US death toll hits all-time low

BAGHDAD - The monthly U.S. toll in Iraq fell to its lowest point since the war began, with 10 American deaths as July drew to a close Thursday after the departure of the last surge brigade.

Iraqis also are dying in dramatically lower numbers with the war in its sixth year. July saw the lowest civilian toll since December 2005, though a series of suicide bombings this week and rising ethnic tensions in northern Iraq reflect the fragility of the security successes.

An Associated Press tally shows that at least 510 Iraqi civilians and security force members were killed in July, a 75 percent drop from the 2,021 deaths in the same period last year as the U.S. troop buildup aimed at quelling rampant Sunni-Shiite violence was nearing its peak.

Suspect spars with UN war crimes court

THE HAGUE, Netherlands - Former Bosnian Serb leader Radovan Karadzic had his first skirmishes with the U.N. war crimes tribunal Thursday: He was cut short by the judge when he tried to protest his arrest, and put on notice that the prosecution will object to his demand to represent himself.

During the initial session, Karadzic also claimed his seizure and trial violated a deal he made with the United States in 1996 that the case against him would be scrapped if he left politics and did not undermine the peace agreement that ended the Bosnian war.

Karadzic appeared at a plea hearing one day after he was extradited from Serbia to answer genocide and war crimes charges for the murder of thousands of Bosnian Muslims and Croats and for directing a reign of terror during the 1992-95 Bosnian war.
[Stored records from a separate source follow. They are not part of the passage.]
(* Let $t\ge2$ and $n\ge1$ be integers and let $\lambda$ be a $t$-core of length at most $tn+1$. Then \[\mathrm{rk}(\lambda)=(n_0(\lambda)-n-1)_++\sum_{i=1}^{t-1}(n_i(\lambda)-n)_+ ,\] where $m_+=\max(m,0)$.
   Context: A $t$-core is a partition with no hook length divisible by $t$. $\mathrm{rk}(\lambda)$ (Frobenius rank) is the largest $j$ with $\lambda_j\ge j$. The beta-set of $\lambda$ is $\beta_i(\lambda)=\lambda_i+tn+1-i$ for $1\le i\le tn+1$, and $n_i(\lambda)$ is the number of $\beta_j(\lambda)$ congruent to $i$ modulo $t$, $0\le i\le t-1$. *)

theory Defs
  imports Main
begin

definition is_partition :: "nat list \<Rightarrow> bool" where
  "is_partition lam \<longleftrightarrow> sorted (rev lam) \<and> (\<forall>x\<in>set lam. 0 < x)"

definition part :: "nat list \<Rightarrow> nat \<Rightarrow> nat" where
  "part lam i = (if 1 \<le> i \<and> i \<le> length lam then lam ! (i - 1) else 0)"

definition conj_part :: "nat list \<Rightarrow> nat \<Rightarrow> nat" where
  "conj_part lam j = card {k. 1 \<le> k \<and> k \<le> length lam \<and> j \<le> part lam k}"

definition cells :: "nat list \<Rightarrow> (nat \<times> nat) set" where
  "cells lam = {(i, j). 1 \<le> i \<and> i \<le> length lam \<and> 1 \<le> j \<and> j \<le> part lam i}"

definition hook :: "nat list \<Rightarrow> nat \<Rightarrow> nat \<Rightarrow> nat" where
  "hook lam i j = (part lam i - j) + (conj_part lam j - i) + 1"

definition is_core :: "nat \<Rightarrow> nat list \<Rightarrow> bool" where
  "is_core t lam \<longleftrightarrow> is_partition lam \<and> (\<forall>(i, j)\<in>cells lam. \<not> t dvd hook lam i j)"

definition frob_rank :: "nat list \<Rightarrow> nat" where
  "frob_rank lam = Max ({0} \<union> {j. 1 \<le> j \<and> j \<le> length lam \<and> j \<le> part lam j})"

(* beta_i = lambda_i + t n + 1 - i, for 1 <= i <= t n + 1 (nonnegative since i <= t n + 1) *)
definition beta :: "nat \<Rightarrow> nat \<Rightarrow> nat list \<Rightarrow> nat \<Rightarrow> nat" where
  "beta t n lam i = part lam i + t * n + 1 - i"

definition ncount :: "nat \<Rightarrow> nat \<Rightarrow> nat list \<Rightarrow> nat \<Rightarrow> nat" where
  "ncount t n lam r = card {j. 1 \<le> j \<and> j \<le> t * n + 1 \<and> beta t n lam j mod t = r}"

end

theory Submission
  imports Defs
begin

(* A bead x >= t of the beta-set whose position x - t is empty yields a cell of hook length t,
   in the row of x and in the column fixed by the last bead above x - t. So for a t-core the
   beta-set is closed under x |-> x - t: on each runner {r, r + t, r + 2t, ...} of the abacus the
   beads fill exactly the n_r lowest positions. Since beta_i > tn iff lambda_i >= i, the Frobenius
   rank counts the beads above tn; on runner 0 these are the positions q > n, on a runner r >= 1
   the positions q >= n, which gives (n_0 - n - 1)_+ and (n_r - n)_+. *)

lemma part_antimono:
  assumes "is_partition lam" "1 \<le> i" "i \<le> k"
  shows "part lam k \<le> part lam i"
proof (cases "k \<le> length lam")
  case True
  have "sorted (rev lam)" using assms(1) by (simp add: is_partition_def)
  then have "lam ! (k - 1) \<le> lam ! (i - 1)"
    using sorted_rev_nth_mono[of lam "i - 1" "k - 1"] assms True by auto
  then show ?thesis using assms True by (simp add: part_def)
qed (simp add: part_def)

lemma part_pos_imp_index:
  assumes "0 < part lam i"
  shows "1 \<le> i" "i \<le> length lam"
  using assms by (auto simp: part_def split: if_splits)

lemma conj_part_eqI:
  assumes part: "is_partition lam" and above: "part lam (Suc m) < j" and below: "j \<le> part lam m"
  shows "conj_part lam j = m"
proof -
  have "{k. 1 \<le> k \<and> k \<le> length lam \<and> j \<le> part lam k} = {1..m}"
  proof (intro set_eqI iffI)
    fix k assume k: "k \<in> {k. 1 \<le> k \<and> k \<le> length lam \<and> j \<le> part lam k}"
    have "k \<le> m"
    proof (rule ccontr)
      assume "\<not> k \<le> m"
      then have "part lam k \<le> part lam (Suc m)" using part_antimono[OF part, of "Suc m" k] by simp
      then show False using k above by simp
    qed
    then show "k \<in> {1..m}" using k by simp
  next
    fix k assume k: "k \<in> {1..m}"
    then have "j \<le> part lam k" using part_antimono[OF part, of k m] below by simp
    moreover have "0 < j" using above by simp
    ultimately show "k \<in> {k. 1 \<le> k \<and> k \<le> length lam \<and> j \<le> part lam k}"
      using part_pos_imp_index[of lam k] k by simp
  qed
  then show ?thesis by (simp add: conj_part_def)
qed

lemma frob_rank_eq_card:
  assumes part: "is_partition lam"
  shows "frob_rank lam = card {j. 1 \<le> j \<and> j \<le> length lam \<and> j \<le> part lam j}"
    (is "_ = card ?S")
proof (cases "?S = {}")
  case False
  have fin: "finite ?S" by (rule finite_subset[of _ "{..length lam}"]) auto
  define r where "r = Max ?S"
  have r: "r \<in> ?S" unfolding r_def using Max_in[OF fin False] .
  have "?S = {1..r}"
  proof (intro set_eqI iffI)
    fix k assume "k \<in> ?S"
    then show "k \<in> {1..r}" using fin by (auto simp: r_def)
  next
    fix k assume "k \<in> {1..r}"
    then have "k \<le> part lam k" using r part_antimono[OF part, of k r] by auto
    then show "k \<in> ?S" using part_pos_imp_index[of lam k] \<open>k \<in> {1..r}\<close> by auto
  qed
  moreover have "frob_rank lam = r"
    unfolding frob_rank_def using fin r by (intro Max_eqI) (auto simp: r_def)
  ultimately show ?thesis by simp
next
  case True
  then show ?thesis unfolding frob_rank_def True by simp
qed

definition beta_set :: "nat \<Rightarrow> nat \<Rightarrow> nat list \<Rightarrow> nat set" where
  "beta_set t n lam = beta t n lam ` {1..t * n + 1}"

lemma beta_add_index:
  assumes "k \<le> t * n + 1"
  shows "beta t n lam k + k = part lam k + (t * n + 1)"
  using assms by (simp add: beta_def)

lemma beta_strict_antimono:
  assumes "is_partition lam" "1 \<le> i" "i < k" "k \<le> t * n + 1"
  shows "beta t n lam k < beta t n lam i"
  using part_antimono[of lam i k] beta_add_index[of k t n lam] beta_add_index[of i t n lam] assms
  by linarith

lemma inj_on_beta:
  assumes "is_partition lam"
  shows "inj_on (beta t n lam) {1..t * n + 1}"
  by (rule inj_onI) (metis assms atLeastAtMost_iff beta_strict_antimono less_irrefl linorder_neqE_nat)

lemma ncount_eq_card_beta_set:
  assumes "is_partition lam"
  shows "ncount t n lam r = card {x \<in> beta_set t n lam. x mod t = r}"
proof -
  have "{x \<in> beta_set t n lam. x mod t = r}
      = beta t n lam ` {j \<in> {1..t * n + 1}. beta t n lam j mod t = r}"
    by (auto simp: beta_set_def)
  moreover have "inj_on (beta t n lam) {j \<in> {1..t * n + 1}. beta t n lam j mod t = r}"
    using inj_on_beta[OF assms] by (rule inj_on_subset) auto
  ultimately show ?thesis by (simp add: ncount_def card_image)
qed

lemma frob_rank_eq_card_beta_set_gt:
  assumes part: "is_partition lam" and len: "length lam \<le> t * n + 1"
  shows "frob_rank lam = card {x \<in> beta_set t n lam. t * n < x}"
proof -
  let ?D = "{k \<in> {1..t * n + 1}. t * n < beta t n lam k}"
  have "{j. 1 \<le> j \<and> j \<le> length lam \<and> j \<le> part lam j} = ?D"
  proof (intro set_eqI iffI)
    fix k assume "k \<in> {j. 1 \<le> j \<and> j \<le> length lam \<and> j \<le> part lam j}"
    then show "k \<in> ?D" using len beta_add_index[of k t n lam] by auto
  next
    fix k assume "k \<in> ?D"
    then show "k \<in> {j. 1 \<le> j \<and> j \<le> length lam \<and> j \<le> part lam j}"
      using beta_add_index[of k t n lam] part_pos_imp_index[of lam k] by auto
  qed
  moreover have "{x \<in> beta_set t n lam. t * n < x} = beta t n lam ` ?D"
    by (auto simp: beta_set_def)
  moreover have "inj_on (beta t n lam) ?D"
    using inj_on_beta[OF part] by (rule inj_on_subset) auto
  ultimately show ?thesis by (simp add: frob_rank_eq_card[OF part] card_image)
qed

lemma hook_of_beta_gap:
  assumes part: "is_partition lam" and len: "length lam \<le> t * n + 1"
    and i: "1 \<le> i" "i \<le> t * n + 1"
    and h: "0 < h" "h \<le> beta t n lam i"
    and gap: "beta t n lam i - h \<notin> beta_set t n lam"
  shows "\<exists>j. (i, j) \<in> cells lam \<and> hook lam i j = h"
proof -
  define N where "N = t * n + 1"
  define b where "b = beta t n lam"
  define c where "c = b i - h"
  have b_add: "\<And>k. k \<le> N \<Longrightarrow> b k + k = part lam k + N"
    unfolding b_def N_def by (rule beta_add_index)
  define M where "M = {k \<in> {1..N}. c < b k}"
  define m where "m = Max M"
  have fin: "finite M" and i_M: "i \<in> M" using i h unfolding M_def c_def b_def N_def by auto
  have m: "m \<in> M" "i \<le> m"
    unfolding m_def using Max_in[OF fin] Max_ge[OF fin i_M] i_M by auto
  have beyond_m: "k \<notin> M" if "m < k" for k
    using Max_ge[OF fin, of k] that unfolding m_def by auto
  \<comment> \<open>for m < N, b (m + 1) is neither above c (maximality of m) nor equal to c (the gap)\<close>
  have next_part: "part lam (Suc m) + N \<le> c + m"
  proof (cases "m < N")
    case True
    then have "b (Suc m) \<in> beta_set t n lam" unfolding b_def beta_set_def N_def by simp
    then have "b (Suc m) \<noteq> c" using gap unfolding b_def c_def by auto
    moreover have "\<not> c < b (Suc m)" using beyond_m[of "Suc m"] True unfolding M_def by auto
    ultimately show ?thesis using b_add[of "Suc m"] True by linarith
  next
    case False
    then show ?thesis using m len unfolding M_def N_def part_def by auto
  qed
  define j where "j = c + m + 1 - N"
  have j_le: "j \<le> part lam m" using b_add[of m] m unfolding M_def j_def by auto
  have conj: "conj_part lam j = m"
    by (rule conj_part_eqI[OF part _ j_le]) (use next_part j_def in linarith)
  have "part lam m \<le> part lam i" using part_antimono[OF part] i m by simp
  then have cell: "(i, j) \<in> cells lam"
    using i j_le next_part part_pos_imp_index[of lam i] unfolding cells_def j_def by auto
  have "hook lam i j = (part lam i - j) + (m - i) + 1" unfolding hook_def conj ..
  also have "\<dots> = h"
    using b_add[of i] i h m j_le next_part \<open>part lam m \<le> part lam i\<close>
    unfolding j_def c_def b_def N_def by linarith
  finally show ?thesis using cell by blast
qed

lemma core_beta_set_diff_mem:
  assumes core: "is_core t lam" and t: "0 < t" and len: "length lam \<le> t * n + 1"
    and x: "x \<in> beta_set t n lam" "t \<le> x"
  shows "x - t \<in> beta_set t n lam"
proof (rule ccontr)
  assume "x - t \<notin> beta_set t n lam"
  moreover obtain i where "i \<in> {1..t * n + 1}" "x = beta t n lam i"
    using x by (auto simp: beta_set_def)
  moreover have "is_partition lam" using core by (simp add: is_core_def)
  ultimately obtain j where "(i, j) \<in> cells lam" "hook lam i j = t"
    using hook_of_beta_gap[OF _ len _ _ t] x by auto
  then show False using core by (auto simp: is_core_def)
qed

lemma down_closed_eq_lessThan_card:
  fixes Q :: "nat set"
  assumes fin: "finite Q" and down: "\<And>q. Suc q \<in> Q \<Longrightarrow> q \<in> Q"
  shows "Q = {..<card Q}"
proof -
  have below: "p \<in> Q" if "q \<in> Q" "p \<le> q" for p q
    using that(2,1) by (induction rule: inc_induct) (auto intro: down)
  show ?thesis
  proof (intro set_eqI iffI)
    fix q assume "q \<in> Q"
    then have "card {..q} \<le> card Q" using below fin by (intro card_mono) auto
    then show "q \<in> {..<card Q}" by simp
  next
    fix q assume q: "q \<in> {..<card Q}"
    show "q \<in> Q"
    proof (rule ccontr)
      assume "q \<notin> Q"
      then have "Q \<subseteq> {..<q}" using below by (meson lessThan_iff not_le subsetI)
      then show False using q card_mono[of "{..<q}" Q] by simp
    qed
  qed
qed

lemma runner_eq_image_lessThan:
  fixes B :: "nat set"
  assumes fin: "finite B" and t: "0 < t" and down: "\<And>x. x \<in> B \<Longrightarrow> t \<le> x \<Longrightarrow> x - t \<in> B"
    and r: "r < t"
  shows "{x \<in> B. x mod t = r} = (\<lambda>q. r + t * q) ` {..<card {x \<in> B. x mod t = r}}"
proof -
  define Q where "Q = {q. r + t * q \<in> B}"
  have inj: "inj (\<lambda>q. r + t * q)" using t by (auto simp: inj_def)
  have runner: "{x \<in> B. x mod t = r} = (\<lambda>q. r + t * q) ` Q"
  proof (intro set_eqI iffI)
    fix x assume "x \<in> {x \<in> B. x mod t = r}"
    then show "x \<in> (\<lambda>q. r + t * q) ` Q"
      unfolding Q_def by (auto intro!: image_eqI[of _ _ "x div t"] simp: mult_div_mod_eq)
  qed (use r Q_def in auto)
  have "finite Q" unfolding Q_def using finite_vimageI[OF fin inj] by (simp add: vimage_def)
  moreover have "Suc q \<in> Q \<Longrightarrow> q \<in> Q" for q
    using down[of "r + t * Suc q"] unfolding Q_def by simp
  ultimately have "Q = {..<card Q}" by (rule down_closed_eq_lessThan_card)
  moreover have "card {x \<in> B. x mod t = r} = card Q"
    unfolding runner using inj by (simp add: card_image inj_on_subset)
  ultimately show ?thesis using runner by simp
qed

lemma mult_less_add_mult_iff:
  fixes t n q r :: nat
  assumes "r < t"
  shows "t * n < r + t * q \<longleftrightarrow> (if r = 0 then Suc n else n) \<le> q"
proof (cases "r = 0")
  case False
  have "t * n < r + t * q" if "n \<le> q" using that mult_le_mono2[of n q t] False by linarith
  moreover have "r + t * q \<le> t * n" if "q < n"
    using that mult_le_mono2[of "Suc q" n t] assms by simp
  ultimately have "t * n < r + t * q \<longleftrightarrow> n \<le> q" by (meson not_le)
  with False show ?thesis by simp
qed (use assms in \<open>simp add: Suc_le_eq\<close>)

lemma card_runner_gt_mult:
  fixes B :: "nat set"
  assumes fin: "finite B" and t: "0 < t" and down: "\<And>x. x \<in> B \<Longrightarrow> t \<le> x \<Longrightarrow> x - t \<in> B"
    and r: "r < t"
  shows "card {x \<in> B. x mod t = r \<and> t * n < x}
       = card {x \<in> B. x mod t = r} - (if r = 0 then Suc n else n)"
proof -
  let ?c = "card {x \<in> B. x mod t = r}" and ?k = "if r = 0 then Suc n else n"
  have "{x \<in> B. x mod t = r \<and> t * n < x} = {x \<in> {x \<in> B. x mod t = r}. t * n < x}" by auto
  also have "\<dots> = (\<lambda>q. r + t * q) ` {?k..<?c}"
    using t by (subst runner_eq_image_lessThan[OF fin t down r])
      (auto simp: mult_less_add_mult_iff[OF r])
  also have "card \<dots> = ?c - ?k"
    using t by (subst card_image) (auto simp: inj_on_def)
  finally show ?thesis .
qed

lemma card_eq_sum_card_residues:
  fixes B :: "nat set"
  assumes "finite B" "0 < t"
  shows "card {x \<in> B. P x} = (\<Sum>r<t. card {x \<in> B. x mod t = r \<and> P x})"
proof -
  have "(\<lambda>x. x mod t) ` {x \<in> B. P x} \<subseteq> {..<t}" using assms(2) by auto
  from sum.group[OF _ _ this, of "\<lambda>_. 1 :: nat"] show ?thesis
    using assms(1) by (simp add: conj_commute conj_left_commute)
qed

theorem lemma3p2:
  fixes t n :: nat and lam :: "nat list"
  assumes "t \<ge> 2" and "n \<ge> 1"
    and "is_core t lam"
    and "length lam \<le> t * n + 1"
  shows "int (frob_rank lam) =
           max (int (ncount t n lam 0) - int n - 1) 0
           + (\<Sum>i = 1..t - 1. max (int (ncount t n lam i) - int n) 0)"
proof -
  let ?B = "beta_set t n lam"
  have part: "is_partition lam" using assms(3) by (simp add: is_core_def)
  have t: "0 < t" using assms(1) by simp
  have fin: "finite ?B" by (simp add: beta_set_def)
  note down = core_beta_set_diff_mem[OF assms(3) t assms(4)]
  have "frob_rank lam = card {x \<in> ?B. t * n < x}"
    by (rule frob_rank_eq_card_beta_set_gt[OF part assms(4)])
  also have "\<dots> = (\<Sum>r<t. card {x \<in> ?B. x mod t = r \<and> t * n < x})"
    by (rule card_eq_sum_card_residues[OF fin t])
  also have "\<dots> = (\<Sum>r<t. ncount t n lam r - (if r = 0 then Suc n else n))"
    by (rule sum.cong)
      (simp_all add: card_runner_gt_mult[OF fin t down] ncount_eq_card_beta_set[OF part])
  also have "{..<t} = insert 0 {1..t - 1}" using t by auto
  finally have rank: "frob_rank lam
      = (\<Sum>r \<in> insert 0 {1..t - 1}. ncount t n lam r - (if r = 0 then Suc n else n))" .
  have int_diff: "int (a - b) = max (int a - int b) 0" for a b :: nat by simp
  show ?thesis using rank by (simp add: int_diff)
qed

end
Mortar kills 7 in Pakistan

PESHAWAR, Pakistan - A mortar shell hit a house in a valley where Pakistani security forces are battling Islamic militants, killing a family of seven, and militants torched a nearby girls school, police said Thursday.

Government officials struck a peace deal with militants in the northern Swat valley in May, hoping to curb the growing influence of militant groups through negotiations.

But U.S. and NATO officials complain that cease-fires and talks across Pakistan's wild border zone have allowed Taliban and al-Qaida insurgents based there to focus on attacks in Afghanistan.